# 60 day trial membership to .Mac



## Nameisnobody (Oct 3, 2006)

Concerning that 60 day trial that came initially with my new Mac, is it possibl to renew it after 60 days?
I've read somewhere that I can do that, or have I mistakely read it wrong?


----------



## Yankee Rose (Jul 14, 1999)

Hi there.

Do you mean extend it as a "trial" for 60 more days? I suppose you could do that but you would have to start fresh with a new user account. I have not heard of a way to continue for longer than 60 days on a trial basis.

After 60 days, you can become a member for a year for $99. 

Hope that helps.


----------



## Nameisnobody (Oct 3, 2006)

Ah thanks Yankee Rose.

By the way, how can you open up a new user account?


----------



## Yankee Rose (Jul 14, 1999)

Hi again.

If you go to http://www.apple.com/dotmac/ you will see a circular link to their "Free Trial" and one to "Join Now". It is very straightforward to get their free trial/create an account.

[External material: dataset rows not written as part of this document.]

lemma det_hankel_mat_odd_zero:
  fixes s :: "nat \<Rightarrow> 'a :: idom"
  assumes odd_zero: "\<And>m. s (2 * m + 1) = 0"
  shows "det (hankel_mat n s)
         = det (hankel_mat ((n + 1) div 2) (\<lambda>m. s (2 * m))) * det (hankel_mat (n div 2) (\<lambda>m. s (2 * m + 2)))"
proof -
  let ?h = "(n + 1) div 2"
  let ?P = "mat n n (\<lambda>(i, j). s (evens_first n i + evens_first n j))"
  have "det ?P = det (mat ?h ?h (\<lambda>(i, j). ?P $$ (i, j)))
                 * det (mat (n - ?h) (n - ?h) (\<lambda>(i, j). ?P $$ (i + ?h, j + ?h)))"
  proof (rule det_lower_left_zero_block)
    fix i j assume "?h \<le> i" "i < n" "j < ?h"
    then have "evens_first n i + evens_first n j = 2 * (i - ?h + j) + 1"
      by (simp add: evens_first_low evens_first_high)
    with \<open>i < n\<close> \<open>j < ?h\<close> show "?P $$ (i, j) = 0" using odd_zero[of "i - ?h + j"] by simp
  qed auto
  moreover have "mat ?h ?h (\<lambda>(i, j). ?P $$ (i, j)) = hankel_mat ?h (\<lambda>m. s (2 * m))"
    by (intro eq_matI) (auto simp: hankel_mat_def evens_first_low algebra_simps)
  moreover have "mat (n - ?h) (n - ?h) (\<lambda>(i, j). ?P $$ (i + ?h, j + ?h))
                 = hankel_mat (n div 2) (\<lambda>m. s (2 * m + 2))"
    by (intro eq_matI) (auto simp: hankel_mat_def evens_first_high algebra_simps)
  ultimately show ?thesis by (simp add: det_hankel_mat_evens_first)
qed

lemma det_hankel_mat_even_zero_even_size:
  fixes s :: "nat \<Rightarrow> 'a :: idom"
  assumes even_zero: "\<And>m. s (2 * m) = 0"
  shows "det (hankel_mat (2 * q) s) = (-1) ^ q * det (hankel_mat q (\<lambda>m. s (2 * m + 1))) ^ 2"
proof -
  let ?P = "mat (2 * q) (2 * q) (\<lambda>(i, j). s (evens_first (2 * q) i + evens_first (2 * q) j))"
  have "det ?P = (-1) ^ (q * q) * det (mat q q (\<lambda>(i, j). ?P $$ (i + q, j)))
                 * det (mat q q (\<lambda>(i, j). ?P $$ (i, j + q)))"
  proof (rule det_upper_left_zero_block)
    show "?P \<in> carrier_mat (q + q) (q + q)" by (simp add: mult_2)
    fix i j assume "i < q" "j < q"
    then show "?P $$ (i, j) = 0" using even_zero[of "i + j"] by (simp add: evens_first_low)
  qed
  moreover have "mat q q (\<lambda>(i, j). ?P $$ (i + q, j)) = hankel_mat q (\<lambda>m. s (2 * m + 1))"
    by (intro eq_matI) (auto simp: hankel_mat_def evens_first_low evens_first_high algebra_simps)
  moreover have "mat q q (\<lambda>(i, j). ?P $$ (i, j + q)) = hankel_mat q (\<lambda>m. s (2 * m + 1))"
    by (intro eq_matI) (auto simp: hankel_mat_def evens_first_low evens_first_high algebra_simps)
  moreover have "(-1 :: 'a) ^ (q * q) = (-1) ^ q"
    by (simp add: minus_one_power_iff)
  ultimately show ?thesis by (simp add: det_hankel_mat_evens_first power2_eq_square)
qed

lemma det_hankel_mat_even_zero_odd_size:
  fixes s :: "nat \<Rightarrow> 'a :: idom"
  assumes even_zero: "\<And>m. s (2 * m) = 0"
  shows "det (hankel_mat (2 * q + 1) s) = 0"
proof -
  let ?n = "2 * q + 1"
  let ?P = "mat ?n ?n (\<lambda>(i, j). s (evens_first ?n i + evens_first ?n j))"
  have "det ?P = (-1) ^ (q * (q + 1)) * det (mat q q (\<lambda>(i, j). ?P $$ (i + (q + 1), j)))
                 * det (mat (q + 1) (q + 1) (\<lambda>(i, j). ?P $$ (i, j + q)))"
  proof (rule det_upper_left_zero_block)
    show "?P \<in> carrier_mat (q + (q + 1)) (q + (q + 1))" by (simp add: mult_2)
    fix i j assume "i < q + 1" "j < q"
    then show "?P $$ (i, j) = 0" using even_zero[of "i + j"] by (simp add: evens_first_low)
  qed
  moreover have "det (mat (q + 1) (q + 1) (\<lambda>(i, j). ?P $$ (i, j + q))) = 0"
  proof (rule det_zero_column[where j = 0])
    fix i assume "i < q + 1"
    then show "mat (q + 1) (q + 1) (\<lambda>(i, j). ?P $$ (i, j + q)) $$ (i, 0) = 0"
      using even_zero[of "i + q"] by (simp add: evens_first_low distrib_left)
  qed auto
  ultimately show ?thesis by (simp add: det_hankel_mat_evens_first)
qed
text \<open>Each constant \<open>\<mu>Y. u/v.Y\<close> only ever moves between itself and its unfolding, and
does so with a fixed set of labels: \<open>a/a\<close> for \<open>I\<close>, \<open>\<epsilon>/aa\<close> for \<open>d\<close>, \<open>aa/\<epsilon>\<close> for \<open>e\<close>.
Such "label-uniform" state sets are preserved by \<open>\<otimes>\<close> and \<open>;\<close>, with labels combined by
concatenation and by relational composition respectively. Composing the label sets of
\<open>d \<otimes> I ; I \<otimes> e\<close> (and of \<open>I \<otimes> d ; e \<otimes> I\<close>) gives back exactly \<open>a/a\<close>, and two
label-uniform state sets with the same labels are related by a bisimulation.\<close>

definition wtrans_closed :: "('s wterm \<Rightarrow> bool) \<Rightarrow> ('s lab list \<Rightarrow> 's lab list \<Rightarrow> bool) \<Rightarrow> bool"
  where "wtrans_closed A L \<longleftrightarrow> (\<forall>P a b P'. A P \<longrightarrow> wtrans P a b P' \<longrightarrow> A P' \<and> L a b)"

definition wtrans_total :: "('s wterm \<Rightarrow> bool) \<Rightarrow> ('s lab list \<Rightarrow> 's lab list \<Rightarrow> bool) \<Rightarrow> bool"
  where "wtrans_total A L \<longleftrightarrow> (\<forall>P a b. A P \<longrightarrow> L a b \<longrightarrow> (\<exists>P'. wtrans P a b P' \<and> A P'))"

definition label_uniform :: "('s wterm \<Rightarrow> bool) \<Rightarrow> ('s lab list \<Rightarrow> 's lab list \<Rightarrow> bool) \<Rightarrow> bool"
  where "label_uniform A L \<longleftrightarrow> wtrans_closed A L \<and> wtrans_total A L"

lemma bisimilar_if_label_uniform:
  assumes "label_uniform A L" "A P" "label_uniform B L" "B Q"
  shows "P \<approx>w Q"
proof -
  have "is_bisim {(P, Q). A P \<and> B Q}"
    using assms(1,3)
    unfolding is_bisim_def label_uniform_def wtrans_closed_def wtrans_total_def by blast
  then show ?thesis
    using assms(2,4) unfolding bisimilar_def by blast
qed

lemma wtrans_closedD:
  "wtrans_closed A L \<Longrightarrow> A P \<Longrightarrow> wtrans P a b P' \<Longrightarrow> A P' \<and> L a b"
  unfolding wtrans_closed_def by blast

lemma wtrans_closed_idle:
  assumes "wtrans_closed A L" "A P" "sortof Map.empty P = Some (k, l)"
  shows "L (replicate k None) (replicate l None)"
  using wtrans_closedD[OF assms(1,2) wtrans.Refl[OF assms(3)]] by blast

definition tensor_states :: "('s wterm \<Rightarrow> bool) \<Rightarrow> ('s wterm \<Rightarrow> bool) \<Rightarrow> 's wterm \<Rightarrow> bool"
  where "tensor_states A B P \<longleftrightarrow> (\<exists>X Y. P = Ten X Y \<and> A X \<and> B Y)"

definition seq_states :: "('s wterm \<Rightarrow> bool) \<Rightarrow> ('s wterm \<Rightarrow> bool) \<Rightarrow> 's wterm \<Rightarrow> bool"
  where "seq_states A B P \<longleftrightarrow> (\<exists>X Y. P = Seq X Y \<and> A X \<and> B Y)"

definition tensor_labels ::
    "('s lab list \<Rightarrow> 's lab list \<Rightarrow> bool) \<Rightarrow> ('s lab list \<Rightarrow> 's lab list \<Rightarrow> bool) \<Rightarrow>
     's lab list \<Rightarrow> 's lab list \<Rightarrow> bool"
  where "tensor_labels L M a b \<longleftrightarrow> (\<exists>a1 a2 b1 b2. a = a1 @ a2 \<and> b = b1 @ b2 \<and> L a1 b1 \<and> M a2 b2)"

lemma sortof_TenD:
  assumes "sortof \<Gamma> (Ten X Y) = Some (k, l)"
  obtains k1 l1 k2 l2 where "sortof \<Gamma> X = Some (k1, l1)" "sortof \<Gamma> Y = Some (k2, l2)"
    "k = k1 + k2" "l = l1 + l2"
  using assms by (auto split: option.splits)

lemma sortof_SeqD:
  assumes "sortof \<Gamma> (Seq X Y) = Some (k, l)"
  obtains n where "sortof \<Gamma> X = Some (k, n)" "sortof \<Gamma> Y = Some (n, l)"
  using assms by (auto split: option.splits if_splits)

lemma wtrans_closed_tensor:
  assumes A: "wtrans_closed A L" and B: "wtrans_closed B M"
  shows "wtrans_closed (tensor_states A B) (tensor_labels L M)"
  unfolding wtrans_closed_def
proof (intro allI impI)
  fix P a b P'
  assume "tensor_states A B P" "wtrans P a b P'"
  from this(2,1) show "tensor_states A B P' \<and> tensor_labels L M a b"
  proof (induction rule: wtrans.induct)
    case (Refl P k l)
    then obtain X Y where P: "P = Ten X Y" "A X" "B Y"
      by (auto simp: tensor_states_def)
    obtain k1 l1 k2 l2
      where sorts: "sortof Map.empty X = Some (k1, l1)" "sortof Map.empty Y = Some (k2, l2)"
      and "k = k1 + k2" "l = l1 + l2"
      using Refl.hyps unfolding P(1) by (rule sortof_TenD)
    moreover have "L (replicate k1 None) (replicate l1 None)" "M (replicate k2 None) (replicate l2 None)"
      using wtrans_closed_idle[OF A P(2) sorts(1)] wtrans_closed_idle[OF B P(3) sorts(2)] .
    ultimately have "tensor_labels L M (replicate k None) (replicate l None)"
      unfolding tensor_labels_def \<open>k = k1 + k2\<close> \<open>l = l1 + l2\<close> replicate_add by blast
    then show ?case
      using Refl.prems by blast
  next
    case (Ten P a b Q R c d S)
    then have "A P" "B R"
      by (auto simp: tensor_states_def)
    with Ten.hyps have "A Q \<and> L a b" "B S \<and> M c d"
      using wtrans_closedD[OF A] wtrans_closedD[OF B] by blast+
    then show ?case
      unfolding tensor_states_def tensor_labels_def by blast
  qed (auto simp: tensor_states_def)
qed

lemma wtrans_closed_seq:
  assumes A: "wtrans_closed A L" and B: "wtrans_closed B M"
  shows "wtrans_closed (seq_states A B) (L OO M)"
  unfolding wtrans_closed_def
proof (intro allI impI)
  fix P a b P'
  assume "seq_states A B P" "wtrans P a b P'"
  from this(2,1) show "seq_states A B P' \<and> (L OO M) a b"
  proof (induction rule: wtrans.induct)
    case (Refl P k l)
    then obtain X Y where P: "P = Seq X Y" "A X" "B Y"
      by (auto simp: seq_states_def)
    obtain n
      where sorts: "sortof Map.empty X = Some (k, n)" "sortof Map.empty Y = Some (n, l)"
      using Refl.hyps unfolding P(1) by (rule sortof_SeqD)
    have "(L OO M) (replicate k None) (replicate l None)"
      using wtrans_closed_idle[OF A P(2) sorts(1)] wtrans_closed_idle[OF B P(3) sorts(2)] ..
    then show ?case
      using Refl.prems by blast
  next
    case (Cut P a c Q R b S)
    then have "A P" "B R"
      by (auto simp: seq_states_def)
    with Cut.hyps have "A Q \<and> L a c" "B S \<and> M c b"
      using wtrans_closedD[OF A] wtrans_closedD[OF B] by blast+
    then show ?case
      unfolding seq_states_def by blast
  qed (auto simp: seq_states_def)
qed

lemma wtrans_total_tensor:
  assumes A: "wtrans_total A L" and B: "wtrans_total B M"
  shows "wtrans_total (tensor_states A B) (tensor_labels L M)"
  unfolding wtrans_total_def
proof (intro allI impI)
  fix P a b
  assume "tensor_states A B P" "tensor_labels L M a b"
  then obtain X Y a1 a2 b1 b2 where "P = Ten X Y" "A X" "B Y"
    and "a = a1 @ a2" "b = b1 @ b2" "L a1 b1" "M a2 b2"
    unfolding tensor_states_def tensor_labels_def by blast
  moreover from A \<open>A X\<close> \<open>L a1 b1\<close> obtain X' where "wtrans X a1 b1 X'" "A X'"
    unfolding wtrans_total_def by blast
  moreover from B \<open>B Y\<close> \<open>M a2 b2\<close> obtain Y' where "wtrans Y a2 b2 Y'" "B Y'"
    unfolding wtrans_total_def by blast
  ultimately show "\<exists>P'. wtrans P a b P' \<and> tensor_states A B P'"
    unfolding tensor_states_def by (blast intro: wtrans.Ten)
qed

lemma wtrans_total_seq:
  assumes A: "wtrans_total A L" and B: "wtrans_total B M"
  shows "wtrans_total (seq_states A B) (L OO M)"
  unfolding wtrans_total_def
proof (intro allI impI)
  fix P a b
  assume "seq_states A B P" "(L OO M) a b"
  then obtain X Y c where "P = Seq X Y" "A X" "B Y" "L a c" "M c b"
    unfolding seq_states_def by blast
  moreover from A \<open>A X\<close> \<open>L a c\<close> obtain X' where "wtrans X a c X'" "A X'"
    unfolding wtrans_total_def by blast
  moreover from B \<open>B Y\<close> \<open>M c b\<close> obtain Y' where "wtrans Y c b Y'" "B Y'"
    unfolding wtrans_total_def by blast
  ultimately show "\<exists>P'. wtrans P a b P' \<and> seq_states A B P'"
    unfolding seq_states_def by (blast intro: wtrans.Cut)
qed

lemma label_uniform_tensor:
  "label_uniform A L \<Longrightarrow> label_uniform B M \<Longrightarrow>
    label_uniform (tensor_states A B) (tensor_labels L M)"
  by (simp add: label_uniform_def wtrans_closed_tensor wtrans_total_tensor)

lemma label_uniform_seq:
  "label_uniform A L \<Longrightarrow> label_uniform B M \<Longrightarrow> label_uniform (seq_states A B) (L OO M)"
  by (simp add: label_uniform_def wtrans_closed_seq wtrans_total_seq)

definition pref_loop :: "nat \<Rightarrow> 's atom list \<Rightarrow> 's atom list \<Rightarrow> 's wterm"
  where "pref_loop Y u v = Mu Y (length u, length v) (Pref u v (TVar Y))"

definition loop_states :: "nat \<Rightarrow> 's atom list \<Rightarrow> 's atom list \<Rightarrow> 's wterm \<Rightarrow> bool"
  where "loop_states Y u v P \<longleftrightarrow> P = pref_loop Y u v \<or> P = Pref u v (pref_loop Y u v)"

If you are currently a member through their free trial, all you have to do is login and at the top left of the page you'll see your account information and a "Join Now" link.

Hope that helps!


----------



## Nameisnobody (Oct 3, 2006)

Ah, I'll try that. 
Thanks Yankee Rose.


----------



## Nameisnobody (Oct 3, 2006)

Which comes to mind, what time of internet providers do you, Mac players use on your computers?
Do you use dial up? cable? etc.


----------



## Yankee Rose (Jul 14, 1999)

Nameisnobody said:


> Which comes to mind, what time of internet providers do you, Mac players use on your computers?


I assume you mean what _type_ of internet provider? 

I use satellite myself. Works flawlessly.


----------



## Nameisnobody (Oct 3, 2006)

Yankee Rose said:


> I assume you mean what _type_ of internet provider?
> 
> I use satellite myself. Works flawlessly.


How much is satellite? I,seriously, am annoyed with dial up. im looking around for a suitable and cheap internet cable provider or maybe DSL is sounding good.


----------



## Yankee Rose (Jul 14, 1999)

I use WildBlue - http://www.wildblue.com

It's not cheap, unfortunately. $300 setup/hardware install and then $79 a month for the fastest plan.


----------



## michael_jii (Feb 19, 2003)

I'm using ADSL here in malaysia... it's terrible! 

SOOOO SLOOOOOW  

but yeah, no more deviation from topic i promise


----------



## Nameisnobody (Oct 3, 2006)

Yankee Rose said:


> Hi again.
> 
> If you go to http://www.apple.com/dotmac/ you will see a circular link to their "Free Trial" and one to "Join Now". It is very straightforward to get their free trial/create an account.
> 
> ...


I was wondering if i do this, can I just rely on it for internet sevice, or do I have to go out a get (in Canada) Bell or Rogers to provide me internet service?


----------



## Nameisnobody (Oct 3, 2006)

Also, what exactly is giving me this connection to the internet?
I read that this 60 Day Trial is not an internet service providerbut something else.


----------



## kayote (Nov 3, 2006)

I'm confused. You mentioned earlier in this thread you have dial-up. I would assume that is giving you your internet connection right now?


----------



## Nameisnobody (Oct 3, 2006)

kayote said:


> I'm confused. You mentioned earlier in this thread you have dial-up. I would assume that is giving you your internet connection right now?


Oh I see, I apologize for the misinterpretation it has caused you, i meant that my Windows PC uses Dial up, while my Mac has nothing on it.


----------